There is no shortage of approaches to the measurement of a city's walkability and connectedness, and none of them are perfect.  Street geometry, block length, block area, intersection density, accessibility and walking distance to parks and other community facilities, and quality of sidewalk infrastructure are examples. Add to that the proximity, availability, and mix of surrounding land uses, lighting, animal control, and access to public transit and the list gets a little closer to completion.  I have read (slept through) enough exhaustively foot-noted, peer reviewed academic studies on this subject to know that some people take this stuff really seriously!

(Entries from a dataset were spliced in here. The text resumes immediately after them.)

(* Let $p\ge 1$, let $k_i,k_j>0$ be real numbers, and let $A,B$ be real symmetric $p\times p$ matrices. Consider the optimization problem \[ \max_{Y\in\mathbb{S}_+^p}\; k_i\log\det\Big(A-\tfrac{1}{k_i}Y\Big)+k_j\log\det\Big(B+\tfrac{1}{k_j}Y\Big)\quad\text{subject to}\quad -k_jB\prec Y\prec k_iA . \] Suppose this problem is feasible, i.e. there exists $Y\in\mathbb{S}_+^p$ with $-k_jB\prec Y\prec k_iA$. Then $A\succ O$, and an optimal solution of the problem is \[ Y^\ast=\frac{k_ik_j}{k_i+k_j}\,A^{1/2}\,\mathrm{proj}_{\mathbb{S}_+^p}\Big(I-A^{-1/2}BA^{-1/2}\Big)\,A^{1/2}. \]
   Context: $\mathbb{S}_+^p$ denotes the set of real symmetric positive semi-definite $p\times p$ matrices. For symmetric matrices $X,Y$, $X\preceq Y$ means $Y-X$ is positive semi-definite and $X\prec Y$ means $Y-X$ is positive definite; $O$ is the zero matrix and $I$ the identity. $A^{1/2}$ is the symmetric positive definite square root and $A^{-1/2}$ its inverse. $\mathrm{proj}_{\mathbb{S}_+^p}$ is the Frobenius-norm orthogonal projection onto $\mathbb{S}_+^p$ (for a symmetric matrix with eigen-decomposition $U\mathrm{diag}(\lambda)U^{\mathsf T}$ it equals $U\mathrm{diag}(\max(\lambda,0))U^{\mathsf T}$). *)

theory Defs
  imports "HOL-Analysis.Analysis"
begin

text \<open>Real p x p matrices are rendered as real^'n^'n with p = CARD('n) (so p >= 1).\<close>

definition sym_mat :: "real^'n^'n \<Rightarrow> bool" where
  "sym_mat A \<longleftrightarrow> transpose A = A"

definition psd :: "real^'n^'n \<Rightarrow> bool" where
  "psd A \<longleftrightarrow> sym_mat A \<and> (\<forall>x. 0 \<le> x \<bullet> (A *v x))"

definition pd :: "real^'n^'n \<Rightarrow> bool" where
  "pd A \<longleftrightarrow> sym_mat A \<and> (\<forall>x. x \<noteq> 0 \<longrightarrow> 0 < x \<bullet> (A *v x))"
(* For every integer $m\geq 3$, the complete sun $KS_m$ satisfies $\eta(KS_m)=\lceil (m+2)/3\rceil$.
   Context: All graphs are finite, simple and undirected. Indices are taken modulo $m$, so $u_0=u_m$ and $v_0=v_m$. The complete sun $KS_m$ has vertices $u_1,\dots,u_m,v_1,\dots,v_m$, where $\{u_1,\dots,u_m\}$ is a clique, and additional edges $(u_i,v_{i-1}),(u_i,v_i)$ for all $i\in[m]$ (so each $v_i$ is adjacent exactly to $u_i$ and $u_{i+1}$). For a vertex $v$, $N(v)$ is its set of neighbours. For a positive integer $k$, $[k]=\{1,\dots,k\}$. For a labeling $f:V(G)\to[k]$ and $S\subseteq V(G)$, $f(S)=\sum_{u\in S}f(u)$. A labeling $f:V(G)\to[k]$ is an additive $k$-coloring if $f(N(u))\neq f(N(v))$ for every edge $(u,v)$ of $G$. The additive chromatic number $\eta(G)$ is the least $k$ for which $G$ has an additive $k$-coloring. *)

theory Defs
  imports Complex_Main
begin

text \<open>A finite simple graph is given by a vertex set VV and a symmetric irreflexive
adjacency relation E (only its restriction to VV matters).\<close>

definition nbhd :: "'a set \<Rightarrow> ('a \<Rightarrow> 'a \<Rightarrow> bool) \<Rightarrow> 'a \<Rightarrow> 'a set" where
  "nbhd VV E v = {u \<in> VV. E v u}"

definition additive_coloring ::
  "'a set \<Rightarrow> ('a \<Rightarrow> 'a \<Rightarrow> bool) \<Rightarrow> nat \<Rightarrow> ('a \<Rightarrow> nat) \<Rightarrow> bool" where
  "additive_coloring VV E k f \<longleftrightarrow>
     (\<forall>v\<in>VV. f v \<in> {1..k}) \<and>
     (\<forall>u\<in>VV. \<forall>v\<in>VV. E u v \<longrightarrow> sum f (nbhd VV E u) \<noteq> sum f (nbhd VV E v))"

definition additive_chromatic_number :: "'a set \<Rightarrow> ('a \<Rightarrow> 'a \<Rightarrow> bool) \<Rightarrow> nat" where
  "additive_chromatic_number VV E = (LEAST k. k \<ge> 1 \<and> (\<exists>f. additive_coloring VV E k f))"

datatype ksv = U nat | V nat

definition ks_verts :: "nat \<Rightarrow> ksv set" where
  "ks_verts m = U ` {1..m} \<union> V ` {1..m}"

definition nxt :: "nat \<Rightarrow> nat \<Rightarrow> nat" where
  "nxt m i = (if i = m then 1 else i + 1)"

fun ks_adj :: "nat \<Rightarrow> ksv \<Rightarrow> ksv \<Rightarrow> bool" where
  "ks_adj m (U i) (U j) = (i \<noteq> j)"
| "ks_adj m (U i) (V j) = (i = j \<or> i = nxt m j)"
| "ks_adj m (V j) (U i) = (i = j \<or> i = nxt m j)"
| "ks_adj m (V i) (V j) = False"

end

theory Submission
  imports Defs
begin

text \<open>
  Write \<open>S\<close> for the total label of the clique and \<open>k\<close> for the largest label.
  The neighbourhood sum of \<open>U i\<close> is \<open>S - f (U i) + f (V i) + f (V (i - 1))\<close>, so the \<open>m\<close>
  pairwise distinct sums of the clique vertices lie in an interval of \<open>3 k - 2\<close> integers;
  hence \<open>m + 2 \<le> 3 k\<close>. Conversely, for \<open>3 k \<le> m + 4\<close> an explicit labeling makes the
  clique sums equal to \<open>S\<close> plus pairwise distinct offsets, and all of them exceed \<open>2 k\<close>,
  the largest possible neighbourhood sum of a vertex \<open>V j\<close>.
\<close>

definition prv :: "nat \<Rightarrow> nat \<Rightarrow> nat" where
  "prv m i = (if i = 1 then m else i - 1)"

lemma U_in_ks_verts [simp]: "U i \<in> ks_verts m \<longleftrightarrow> i \<in> {1..m}"
  and V_in_ks_verts [simp]: "V i \<in> ks_verts m \<longleftrightarrow> i \<in> {1..m}"
  by (auto simp: ks_verts_def)

lemma prv_in_range: "m \<ge> 2 \<Longrightarrow> i \<in> {1..m} \<Longrightarrow> prv m i \<in> {1..m}"
  by (auto simp: prv_def)

lemma nxt_in_range: "m \<ge> 2 \<Longrightarrow> i \<in> {1..m} \<Longrightarrow> nxt m i \<in> {1..m}"
  by (auto simp: nxt_def)

lemma nbhd_ks_U:
  assumes "m \<ge> 2" "i \<in> {1..m}"
  shows "nbhd (ks_verts m) (ks_adj m) (U i) = U ` ({1..m} - {i}) \<union> {V i, V (prv m i)}"
proof (rule set_eqI)
  fix x
  show "x \<in> nbhd (ks_verts m) (ks_adj m) (U i) \<longleftrightarrow> x \<in> U ` ({1..m} - {i}) \<union> {V i, V (prv m i)}"
    using assms
    by (cases x) (force simp: nbhd_def ks_verts_def prv_def nxt_def split: if_splits)+
qed

lemma nbhd_ks_V:
  assumes "m \<ge> 2" "j \<in> {1..m}"
  shows "nbhd (ks_verts m) (ks_adj m) (V j) = {U j, U (nxt m j)}"
proof (rule set_eqI)
  fix x
  show "x \<in> nbhd (ks_verts m) (ks_adj m) (V j) \<longleftrightarrow> x \<in> {U j, U (nxt m j)}"
    using assms by (cases x) (auto simp: nbhd_def ks_verts_def nxt_def split: if_splits)
qed

lemma sum_nbhd_ks_U:
  assumes "m \<ge> 2" "i \<in> {1..m}"
  shows "sum f (nbhd (ks_verts m) (ks_adj m) (U i)) =
    (\<Sum>j\<in>{1..m} - {i}. f (U j)) + f (V i) + f (V (prv m i))"
proof -
  have "prv m i \<noteq> i"
    using assms by (auto simp: prv_def)
  have "sum f (U ` ({1..m} - {i}) \<union> {V i, V (prv m i)}) =
      sum f (U ` ({1..m} - {i})) + sum f {V i, V (prv m i)}"
    by (rule sum.union_disjoint) auto
  also have "sum f (U ` ({1..m} - {i})) = (\<Sum>j\<in>{1..m} - {i}. f (U j))"
    by (subst sum.reindex) (auto simp: inj_on_def)
  also have "sum f {V i, V (prv m i)} = f (V i) + f (V (prv m i))"
    using \<open>prv m i \<noteq> i\<close> by simp
  finally show ?thesis
    using nbhd_ks_U[OF assms] by (simp add: add.assoc)
qed

lemma sum_nbhd_ks_U_add:
  assumes "m \<ge> 2" "i \<in> {1..m}"
  shows "sum f (nbhd (ks_verts m) (ks_adj m) (U i)) + f (U i) =
    (\<Sum>j\<in>{1..m}. f (U j)) + f (V i) + f (V (prv m i))"
proof -
  have "(\<Sum>j\<in>{1..m}. f (U j)) = f (U i) + (\<Sum>j\<in>{1..m} - {i}. f (U j))"
    using assms(2) by (subst sum.remove[of _ i]) auto
  then show ?thesis
    using sum_nbhd_ks_U[OF assms, of f] by (simp add: ac_simps)
qed

lemma sum_nbhd_ks_V:
  assumes "m \<ge> 2" "j \<in> {1..m}"
  shows "sum f (nbhd (ks_verts m) (ks_adj m) (V j)) = f (U j) + f (U (nxt m j))"
proof -
  have "nxt m j \<noteq> j"
    using assms by (auto simp: nxt_def)
  then show ?thesis
    using nbhd_ks_V[OF assms] by simp
qed

lemma additive_coloring_ks_bound:
  assumes m: "m \<ge> 2" and f: "additive_coloring (ks_verts m) (ks_adj m) k f"
  shows "m + 2 \<le> 3 * k"
proof -
  define S where "S = (\<Sum>j\<in>{1..m}. f (U j))"
  define s where "s i = sum f (nbhd (ks_verts m) (ks_adj m) (U i))" for i
  have label_range: "f v \<in> {1..k}" if "v \<in> ks_verts m" for v
    using f that by (auto simp: additive_coloring_def)
  have inj: "inj_on (\<lambda>i. s i + k) {1..m}"
  proof (rule inj_onI, rule ccontr)
    fix i j
    assume ij: "i \<in> {1..m}" "j \<in> {1..m}" "s i + k = s j + k" "i \<noteq> j"
    then have "U i \<in> ks_verts m" "U j \<in> ks_verts m" "ks_adj m (U i) (U j)"
      by simp_all
    moreover have "s i = s j"
      using ij(3) by simp
    ultimately show False
      using f unfolding additive_coloring_def s_def by blast
  qed
  have "(\<lambda>i. s i + k) ` {1..m} \<subseteq> {S + 2..S + 3 * k - 1}"
  proof clarify
    fix i
    assume i: "i \<in> {1..m}"
    have "s i + f (U i) = S + f (V i) + f (V (prv m i))"
      using sum_nbhd_ks_U_add[OF m i, of f] unfolding S_def s_def .
    moreover have "f (U i) \<in> {1..k}" "f (V i) \<in> {1..k}" "f (V (prv m i)) \<in> {1..k}"
      using label_range i prv_in_range[OF m i] by auto
    ultimately show "s i + k \<in> {S + 2..S + 3 * k - 1}"
      by auto
  qed
  then have "card ((\<lambda>i. s i + k) ` {1..m}) \<le> card {S + 2..S + 3 * k - 1}"
    by (rule card_mono[rotated]) simp
  then show ?thesis
    using card_image[OF inj] m by simp
qed

text \<open>The labeling for \<open>m = L + 2 k - 2\<close> with \<open>1 \<le> L \<le> k\<close>.\<close>

definition sun_coloring :: "nat \<Rightarrow> nat \<Rightarrow> ksv \<Rightarrow> nat" where
  "sun_coloring L k v = (case v of
      U i \<Rightarrow> if i = 1 then k else if i \<le> L then k + 2 - i else 1
    | V i \<Rightarrow> if i \<le> L then 1 else (i - L + 1) div 2 + 1)"

definition sun_offset :: "nat \<Rightarrow> nat \<Rightarrow> nat \<Rightarrow> int" where
  "sun_offset L k i =
    (if i = 1 then 1 else if i \<le> L then int i - int k else int i - int L + 1)"

lemma inj_sun_offset: "L \<le> k \<Longrightarrow> inj (sun_offset L k)"
  by (rule injI) (auto simp: sun_offset_def split: if_splits)

context
  fixes m L k :: nat
  assumes L_pos: "1 \<le> L" and L_le: "L \<le> k" and k_ge: "2 \<le> k" and m_eq: "m = L + 2 * k - 2"
begin

lemma sun_coloring_range: "v \<in> ks_verts m \<Longrightarrow> sun_coloring L k v \<in> {1..k}"
proof (induction v)
  case (V i)
  then have "(i - L + 1) div 2 \<le> (2 * k - 1) div 2"
    using m_eq L_pos k_ge by (intro div_le_mono) auto
  also have "\<dots> = k - 1"
    using k_ge by presburger
  finally show ?case
    using k_ge by (auto simp: sun_coloring_def)
qed (use L_le k_ge in \<open>auto simp: sun_coloring_def\<close>)

lemma sun_coloring_V_m: "sun_coloring L k (V m) = k"
  using m_eq L_pos k_ge by (simp add: sun_coloring_def) presburger

lemma sum_nbhd_sun_coloring_U:
  assumes i: "i \<in> {1..m}"
  shows "int (sum (sun_coloring L k) (nbhd (ks_verts m) (ks_adj m) (U i))) =
    int (\<Sum>j\<in>{1..m}. sun_coloring L k (U j)) + sun_offset L k i"
proof -
  have m: "m \<ge> 2"
    using m_eq L_pos k_ge by simp
  have "int (sun_coloring L k (V i)) + int (sun_coloring L k (V (prv m i)))
      = sun_offset L k i + int (sun_coloring L k (U i))"
  proof -
    consider "i = 1" | "2 \<le> i" "i \<le> L" | "i = L + 1" | "L + 2 \<le> i"
      using i by (cases "i \<le> L"; cases "i = 1"; cases "i = L + 1") auto
    then show ?thesis
    proof cases
      case 1
      then show ?thesis
        using sun_coloring_V_m L_pos by (simp add: sun_coloring_def sun_offset_def prv_def)
    next
      case 2
      then show ?thesis
        using L_le by (simp add: sun_coloring_def sun_offset_def prv_def)
    next
      case 3
      then show ?thesis
        using L_pos by (simp add: sun_coloring_def sun_offset_def prv_def)
    next
      case 4
      then obtain n where "i = L + 2 + n"
        using le_Suc_ex by blast
      then show ?thesis
        by (simp add: sun_coloring_def sun_offset_def prv_def)
    qed
  qed
  then show ?thesis
    using arg_cong[OF sum_nbhd_ks_U_add[OF m i, of "sun_coloring L k"], of int] by simp
qed

text \<open>Both cases rely on the label \<open>k\<close> carried by \<open>U 1\<close>, respectively by \<open>V m\<close>.\<close>

lemma sum_nbhd_sun_coloring_U_ge:
  assumes i: "i \<in> {1..m}"
  shows "m + k \<le> sum (sun_coloring L k) (nbhd (ks_verts m) (ks_adj m) (U i))"
proof -
  have m: "m \<ge> 2"
    using m_eq L_pos k_ge by simp
  have card_le: "card A \<le> (\<Sum>j\<in>A. sun_coloring L k (U j))" if "A \<subseteq> {1..m}" for A
    using sum_mono[of A "\<lambda>_. 1::nat" "\<lambda>j. sun_coloring L k (U j)"] sun_coloring_range that
    by force
  have V_pos: "1 \<le> sun_coloring L k (V j)" if "j \<in> {1..m}" for j
    using sun_coloring_range[of "V j"] that by auto
  show ?thesis
  proof (cases "i = 1")
    case True
    have "m - 1 \<le> (\<Sum>j\<in>{1..m} - {1}. sun_coloring L k (U j))"
      using card_le[of "{1..m} - {1}"] m by simp
    moreover have "prv m i = m"
      using True by (simp add: prv_def)
    ultimately show ?thesis
      using sum_nbhd_ks_U[OF m i, of "sun_coloring L k"] True sun_coloring_V_m V_pos[of 1] m
      by simp
  next
    case False
    have "(\<Sum>j\<in>{1..m} - {i}. sun_coloring L k (U j)) =
        k + (\<Sum>j\<in>{1..m} - {i} - {1}. sun_coloring L k (U j))"
      using False i m by (subst sum.remove[of _ 1]) (auto simp: sun_coloring_def)
    moreover have "m - 2 \<le> (\<Sum>j\<in>{1..m} - {i} - {1}. sun_coloring L k (U j))"
    proof -
      have "card ({1..m} - {i} - {1}) = m - 2"
        using i False by (simp add: card_Diff_subset)
      then show ?thesis
        using card_le[of "{1..m} - {i} - {1}"] by auto
    qed
    ultimately show ?thesis
      using sum_nbhd_ks_U[OF m i, of "sun_coloring L k"] V_pos[OF i] V_pos[OF prv_in_range[OF m i]] m
      by linarith
  qed
qed

lemma additive_coloring_sun_coloring:
  "additive_coloring (ks_verts m) (ks_adj m) k (sun_coloring L k)"
proof -
  have m: "m \<ge> 2" and k_less: "k < m"
    using m_eq L_pos k_ge by simp_all
  let ?s = "\<lambda>v. sum (sun_coloring L k) (nbhd (ks_verts m) (ks_adj m) v)"
  have UU: "?s (U i) \<noteq> ?s (U j)" if "i \<in> {1..m}" "j \<in> {1..m}" "i \<noteq> j" for i j
  proof
    assume "?s (U i) = ?s (U j)"
    then have "sun_offset L k i = sun_offset L k j"
      using sum_nbhd_sun_coloring_U[OF that(1)] sum_nbhd_sun_coloring_U[OF that(2)] by simp
    then show False
      using inj_sun_offset[OF L_le] that(3) by (simp add: inj_eq)
  qed
  have UV: "?s (V j) < ?s (U i)" if "i \<in> {1..m}" "j \<in> {1..m}" for i j
  proof -
    have "?s (V j) = sun_coloring L k (U j) + sun_coloring L k (U (nxt m j))"
      by (rule sum_nbhd_ks_V[OF m that(2)])
    also have "\<dots> \<le> k + k"
      using sun_coloring_range[of "U j"] sun_coloring_range[of "U (nxt m j)"]
        that(2) nxt_in_range[OF m that(2)] by (intro add_mono) auto
    also have "\<dots> < m + k"
      using k_less by simp
    also have "\<dots> \<le> ?s (U i)"
      by (rule sum_nbhd_sun_coloring_U_ge[OF that(1)])
    finally show ?thesis .
  qed
  then have VU: "?s (V j) \<noteq> ?s (U i)" "?s (U i) \<noteq> ?s (V j)"
    if "i \<in> {1..m}" "j \<in> {1..m}" for i j
    using that by (simp_all add: less_imp_neq less_imp_neq[symmetric])
  show ?thesis
    unfolding additive_coloring_def
  proof (intro conjI ballI impI)
    fix u v
    assume "u \<in> ks_verts m" "v \<in> ks_verts m" "ks_adj m u v"
    then show "?s u \<noteq> ?s v"
      by (cases u; cases v) (simp_all add: UU VU)
  qed (fact sun_coloring_range)
qed

end

lemma ks_additive_coloring_exists:
  assumes "m \<ge> 3" "m + 2 \<le> 3 * k" "3 * k \<le> m + 4"
  shows "additive_coloring (ks_verts m) (ks_adj m) k (sun_coloring (m + 2 - 2 * k) k)"
  using assms by (intro additive_coloring_sun_coloring) arith+

lemma additive_chromatic_number_eqI:
  assumes "1 \<le> k" "additive_coloring VV E k f"
    and "\<And>j g. additive_coloring VV E j g \<Longrightarrow> k \<le> j"
  shows "additive_chromatic_number VV E = k"
  unfolding additive_chromatic_number_def
  using assms by (intro Least_equality) auto

lemma nat_ceiling_divide_3: "nat \<lceil>real n / 3\<rceil> = (n + 2) div 3"
proof -
  have "\<lceil>real n / 3\<rceil> = - (- int n div 3)"
    using ceiling_divide_eq_div[of "int n" 3] by simp
  also have "\<dots> = int ((n + 2) div 3)"
    by presburger
  finally show ?thesis
    by simp
qed

theorem mainTheorem14:
  fixes m :: nat
  assumes "m \<ge> 3"
  shows "additive_chromatic_number (ks_verts m) (ks_adj m) = nat \<lceil>real (m + 2) / 3\<rceil>"
proof -
  define k where "k = (m + 2 + 2) div 3"
  have k_lower: "m + 2 \<le> 3 * k" and k_upper: "3 * k \<le> m + 4"
    unfolding k_def by presburger+
  have "additive_chromatic_number (ks_verts m) (ks_adj m) = k"
  proof (rule additive_chromatic_number_eqI)
    show "1 \<le> k"
      using k_lower by linarith
    show "additive_coloring (ks_verts m) (ks_adj m) k (sun_coloring (m + 2 - 2 * k) k)"
      using assms k_lower k_upper by (rule ks_additive_coloring_exists)
  next
    fix j g
    assume "additive_coloring (ks_verts m) (ks_adj m) j g"
    then have "m + 2 \<le> 3 * j"
      using assms by (intro additive_coloring_ks_bound) auto
    then show "k \<le> j"
      using k_upper by linarith
  qed
  then show ?thesis
    unfolding nat_ceiling_divide_3 k_def .
qed

end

Regardless of the measure, San Antonio and too many other major American cities fall short of even registering as marginally walkable cities today.  It is my hope that through opportunities like the SATomorrow effort and others, we will begin to hold ourselves to a much high higher standard as it relates to the walkability and connectedness of our communities.  I am not of the opinion that creating policy that solves for a higher level of walkability and connectedness is a zero sum contest to be played between urban San Antonio and sub-urban San Antonio. It is about insuring that the entire city can be a more cohesive place to live, work, and play, while retaining the diversity of character and uniqueness that makes different parts of the city special.  Policy, incentives, design standards, etc. that keep the densest of areas in the city connected may not work in those areas that are less dense and have a different and unique character of their own.  That means San Antonians will have to don our "thinking caps" and be creative in finding those solutions that do. As this city grows, so must our thinking on how to make it more beautiful, more connected, an more resilient for those who will soon call our home, their home.